Wade v. Berkeley County

498 S.E.2d 684, 330 S.C. 311, 1998 S.C. App. LEXIS 29
CourtCourt of Appeals of South Carolina
DecidedFebruary 23, 1998
Docket2801
StatusPublished
Cited by37 cases

This text of 498 S.E.2d 684 (Wade v. Berkeley County) is published on Counsel Stack Legal Research, covering Court of Appeals of South Carolina primary law. Counsel Stack provides free access to over 12 million legal documents including statutes, case law, regulations, and constitutions.

Bluebook
Wade v. Berkeley County, 498 S.E.2d 684, 330 S.C. 311, 1998 S.C. App. LEXIS 29 (S.C. Ct. App. 1998).

Opinion

GOOLSBY, Judge:

This case involves an automobile accident and workers’ compensation. Gerald D. Wade, Jr., (Wade) appeals the circuit court’s grant of summary judgment to Berkeley County, South Carolina (County). Wade asserts that Bobby Joe Pierce (Pierce) was acting within the course and scope of his employment with County at the time of the accident, and that the commissioner’s ruling in Pierce’s workers’ compensation hearing does not collaterally estop Wade from litigating this issue. We agree.

In June 1995, Pierce was in his own truck on his way to work as an animal control officer for County on U.S. Highway 17-A. The previous day, he had received a call from an acquaintance concerning a dead dog. Pierce, who considered checking on the dog as part of his job, stopped to check the dog for a collar shortly before the accident. As Pierce proceeded to work, a third vehicle braked in front of him, and Pierce’s truck collided head-on with Wade’s oncoming truck.

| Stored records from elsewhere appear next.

text \<open>Each element raised \<open>f\<close> by at least \<open>\<alpha> c(e)/B\<close> times the value of the prefix
  before it, and that value is at least the value of any shorter prefix.\<close>
lemma accepted_chain_prefix_gain:
  assumes "accepted_chain L" "set L \<subseteq> V" "distinct L" "k \<le> length L"
  shows "\<alpha> * cost c (set (drop k L)) * f (set (take k L)) / B \<le> f (set L) - f (set (take k L))"
  using assms
proof (induction L arbitrary: k rule: rev_induct)
  case (snoc x L)
  show ?case
  proof (cases "k = Suc (length L)")
    case True
    then show ?thesis by (simp add: cost_def)
  next
    case False
    then have k: "k \<le> length L" using snoc.prems by auto
    have accepts: "lar_accepts f c B \<alpha> L x" and x: "x \<in> V" "x \<notin> set L" and L: "set L \<subseteq> V"
      using snoc.prems by (auto simp: accepted_chain_snoc)
    have IH: "\<alpha> * cost c (set (drop k L)) * f (set (take k L)) / B \<le> f (set L) - f (set (take k L))"
      using snoc.IH[OF _ L _ k] snoc.prems by (auto simp: accepted_chain_snoc)
    have "set (take k L) \<subseteq> V" "set (drop k L) \<subseteq> V"
      using L set_take_subset set_drop_subset by fastforce+
    then have "0 \<le> \<alpha> * cost c (set (drop k L)) * f (set (take k L)) / B"
      using \<alpha>_pos budget_pos cost_nonneg f_nonneg by simp
    then have "f (set (take k L)) \<le> f (set L)" using IH by linarith
    then have "\<alpha> * c x * f (set (take k L)) / B \<le> \<alpha> * c x * f (set L) / B"
      using \<alpha>_pos cost_pos[OF x(1)] budget_pos by (simp add: divide_right_mono)
    also have "\<dots> \<le> f (set L \<union> {x}) - f (set L)"
      using lar_accepts_gain[OF L x(1) accepts] by (simp add: marg_def)
    finally have step: "\<alpha> * c x * f (set (take k L)) / B \<le> f (set L \<union> {x}) - f (set L)" .
    have "x \<notin> set (drop k L)"
      using x(2) set_drop_subset by fastforce
    then have "cost c (set (drop k (L @ [x]))) = c x + cost c (set (drop k L))"
      using k by (simp add: cost_def)
    then have "\<alpha> * cost c (set (drop k (L @ [x]))) * f (set (take k (L @ [x]))) / B
        = \<alpha> * c x * f (set (take k L)) / B + \<alpha> * cost c (set (drop k L)) * f (set (take k L)) / B"
      using k by (simp add: algebra_simps add_divide_distrib)
    with step IH k show ?thesis by simp
  qed
qed (simp add: cost_def)

lemma lar_suffix_choice:
  assumes "distinct L" "set L \<subseteq> V"
  obtains k where "k \<le> length L" "lar_suffix c B L = set (drop k L)" "cost c (set (drop k L)) \<le> B"
    "0 < k \<longrightarrow> B < cost c (set (drop (k - 1) L))"
proof -
  define P where "P j \<longleftrightarrow> j \<le> length L \<and> cost c (last_added L j) \<le> B" for j
  define j where "j = arg_max (\<lambda>j. cost c (last_added L j)) P"
  have fin: "finite {j. P j}"
    unfolding P_def by (rule finite_subset[of _ "{..length L}"]) auto
  have P_0: "P 0"
    unfolding P_def last_added_def using budget_pos by (simp add: cost_def)
  have P_j: "P j" and j_max: "\<And>i. P i \<Longrightarrow> cost c (last_added L i) \<le> cost c (last_added L j)"
    unfolding j_def by (fact arg_max_finite[OF fin P_0])+
  have suffix: "lar_suffix c B L = last_added L j"
    unfolding lar_suffix_def j_def P_def by simp
  show ?thesis
  proof (rule that[of "length L - j"]; (intro impI)?)
    assume "0 < length L - j"
    then have j: "j < length L" by simp
    define k where "k = length L - Suc j"
    have drop_k: "drop k L = L ! k # drop (Suc k) L"
      using j unfolding k_def by (simp add: Cons_nth_drop_Suc)
    have "L ! k \<notin> set (drop (Suc k) L)"
      using assms(1) drop_k by (metis distinct.simps(2) distinct_drop)
    moreover have "L ! k \<in> V"
      using assms(2) j unfolding k_def by auto
    ultimately have "cost c (set (drop (Suc k) L)) < cost c (set (drop k L))"
      using drop_k cost_pos by (simp add: cost_def)
    moreover have "last_added L (Suc j) = set (drop k L)" "last_added L j = set (drop (Suc k) L)"
      using j unfolding last_added_def k_def by (simp_all add: Suc_diff_Suc)
    ultimately have "\<not> P (Suc j)"
      using j_max[of "Suc j"] by auto
    moreover have "length L - j - 1 = k"
      unfolding k_def by simp
    ultimately show "B < cost c (set (drop (length L - j - 1) L))"
      using j \<open>last_added L (Suc j) = set (drop k L)\<close> unfolding P_def by auto
  qed (use P_j suffix in \<open>auto simp: P_def last_added_def\<close>)
qed

lemma lar_suffix_subset: "lar_suffix c B L \<subseteq> set L"
  unfolding lar_suffix_def last_added_def using set_drop_subset by fastforce

lemma cost_lar_suffix_le:
  assumes "distinct L" "set L \<subseteq> V"
  shows "cost c (lar_suffix c B L) \<le> B"
  by (rule lar_suffix_choice[OF assms]) simp

text \<open>The first element outside the chosen suffix has cost at most \<open>B/2\<close>, so the suffix
  costs more than \<open>B/2\<close>, and the prefix gain bound caps the value of the prefix.\<close>
lemma f_le_lar_suffix:
  assumes "accepted_chain L" "distinct L" "set L \<subseteq> V" "\<And>e. e \<in> set L \<Longrightarrow> c e \<le> B / 2"
  shows "f (set L) \<le> (1 + 2 / \<alpha>) * f (lar_suffix c B L)"
proof -
  obtain k where k: "k \<le> length L" "lar_suffix c B L = set (drop k L)"
    and "cost c (set (drop k L)) \<le> B" and exceeds: "0 < k \<longrightarrow> B < cost c (set (drop (k - 1) L))"
    using lar_suffix_choice[OF assms(2,3)] .
  have parts_V: "set (take k L) \<subseteq> V" "set (drop k L) \<subseteq> V"
    using assms(3) set_take_subset set_drop_subset by fastforce+
  show ?thesis
  proof (cases "k = 0")
    case True
    then show ?thesis
      using k f_nonneg[OF assms(3)] \<alpha>_pos by (simp add: algebra_simps)
  next
    case False
    then have "k - 1 < length L" "Suc (k - 1) = k"
      using k(1) by auto
    then have drop: "drop (k - 1) L = L ! (k - 1) # drop k L"
      by (metis Cons_nth_drop_Suc)
    have "L ! (k - 1) \<notin> set (drop k L)"
      using assms(2) drop by (metis distinct.simps(2) distinct_drop)
    then have "cost c (set (drop (k - 1) L)) = c (L ! (k - 1)) + cost c (set (drop k L))"
      using drop by (simp add: cost_def)
    moreover have "c (L ! (k - 1)) \<le> B / 2"
      using assms(4) k(1) False by simp
    ultimately have big: "B / 2 < cost c (set (drop k L))"
      using exceeds False by simp
    have "\<alpha> / 2 * f (set (take k L)) = \<alpha> * (B / 2) * f (set (take k L)) / B"
      using budget_pos by simp
    also have "\<dots> \<le> \<alpha> * cost c (set (drop k L)) * f (set (take k L)) / B"
      using big \<alpha>_pos f_nonneg[OF parts_V(1)] budget_pos
      by (intro divide_right_mono mult_right_mono mult_left_mono) auto
    also have "\<dots> \<le> f (set L) - f (set (take k L))"
      using accepted_chain_prefix_gain[OF assms(1,3,2) k(1)] .
    also have "f (set L) \<le> f (set (take k L)) + f (set (drop k L))"
      using subadditive[OF parts_V] by (metis append_take_drop_id set_append)
    finally have "f (set (take k L)) \<le> 2 / \<alpha> * f (set (drop k L))"
      using \<alpha>_pos by (simp add: field_simps)
    with \<open>f (set L) \<le> f (set (take k L)) + f (set (drop k L))\<close> k(2) show ?thesis
      by (simp add: algebra_simps)
  qed
qed

lemma opt_attained:
  obtains X where "X \<subseteq> V" "cost c X \<le> B" "opt V f c B = f X"
proof -
  have "{f X | X. X \<subseteq> V \<and> cost c X \<le> B} \<subseteq> f ` Pow V"
    by auto
  then have "finite {f X | X. X \<subseteq> V \<and> cost c X \<le> B}"
    using finite_V finite_subset by blast
  moreover have "{} \<subseteq> V \<and> cost c {} \<le> B"
    using budget_pos by (simp add: cost_def)
  then have "f {} \<in> {f X | X. X \<subseteq> V \<and> cost c X \<le> B}"
    by blast
  ultimately have "opt V f c B \<in> {f X | X. X \<subseteq> V \<and> cost c X \<le> B}"
    unfolding opt_def by (intro Max_in) auto
  then obtain X where "X \<subseteq> V" "cost c X \<le> B" "opt V f c B = f X"
    by blast
  then show ?thesis by (rule that)
qed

Pierce filed a claim with the South Carolina Workers’ Compensation Commission. He contended that he was within the course and scope of his employment when the accident occurred because his supervisor had told him he was on call 24 hours a day, 365 days a year. He had received a two-day suspension in the past for failing to report a call that he had received at home regarding an animal. Pierce wore a pager 24 hours a day, carried some of his job tools in his truck, and had in the past been instructed to perform tasks on his way to and from work while in a county-owned truck.

County asserted that Pierce’s pager was for use during work hours, that he had no authority to carry tools in his truck, and that he was not on call 24 hours a day. County also *316 argued that the person on call dealt with emergency situations, and that a dead dog in a ditch was not an emergency.

The commission found that Pierce was not acting within the course and scope of his employment and did not fall within any exception to the going and coming rule regarding tort liability for the employer when the employee is traveling to and from work. It also found Pierce was violating County policy when he stopped to check on the dog.

Wade sued both Pierce and the unknown driver of the third vehicle, alleging negligence and seeking actual and punitive damages. By Amended Complaint, he substituted County for Pierce, pursuant to the South Carolina Tort Claims Act, S.C.Code Ann. § 15-78-10 (1977 & Supp.1997) (the Act). The court granted County’s motion for summary judgment after finding as a matter of law that Wade was collaterally estopped from litigating the issue of whether Pierce had been acting within the course and scope of his employment at the time of the accident, because the commission had already found that Pierce was not.

LAW/ANALYSIS

I. SUMMARY JUDGMENT

Summary judgment should be granted only when no genuine issue as to any material fact exists, and the moving party is entitled to judgment as a matter of law. Middleborough Horizontal Property Regime Council of Co-Owners v. Montedison, 320 S.C. 470, 465 S.E.2d 765 (Ct.App.1995) (citing Rule 56, SCRCP). Summary judgment is inappropriate when further inquiry into the facts is desirable to clarify proper application of the law. Id. Summary judgment is not appropriate if facts are conflicting, or if the inferences to be drawn from the facts are doubtful. Alston v. Blue Ridge Transfer Co., 308 S.C. 292, 417 S.E.2d 631 (Ct.App.1992). Summary judgment should not be granted even when the evidentiary facts are not in dispute, if there is dispute as to the conclusion to be drawn from those facts. Carolina Prod. Maintenance, Inc. v. United States Fidelity and Guar. Co., 310 S.C. 32, 425 S.E.2d 39 (Ct.App.1992). In deciding a motion for summary judgment, the evidence and all of its inferences must be viewed in the light most favorable to the non-moving party. *317 Pryor v. Northwest Apts., Ltd., 321 S.C. 524, 469 S.E.2d 630 (Ct.App.1996).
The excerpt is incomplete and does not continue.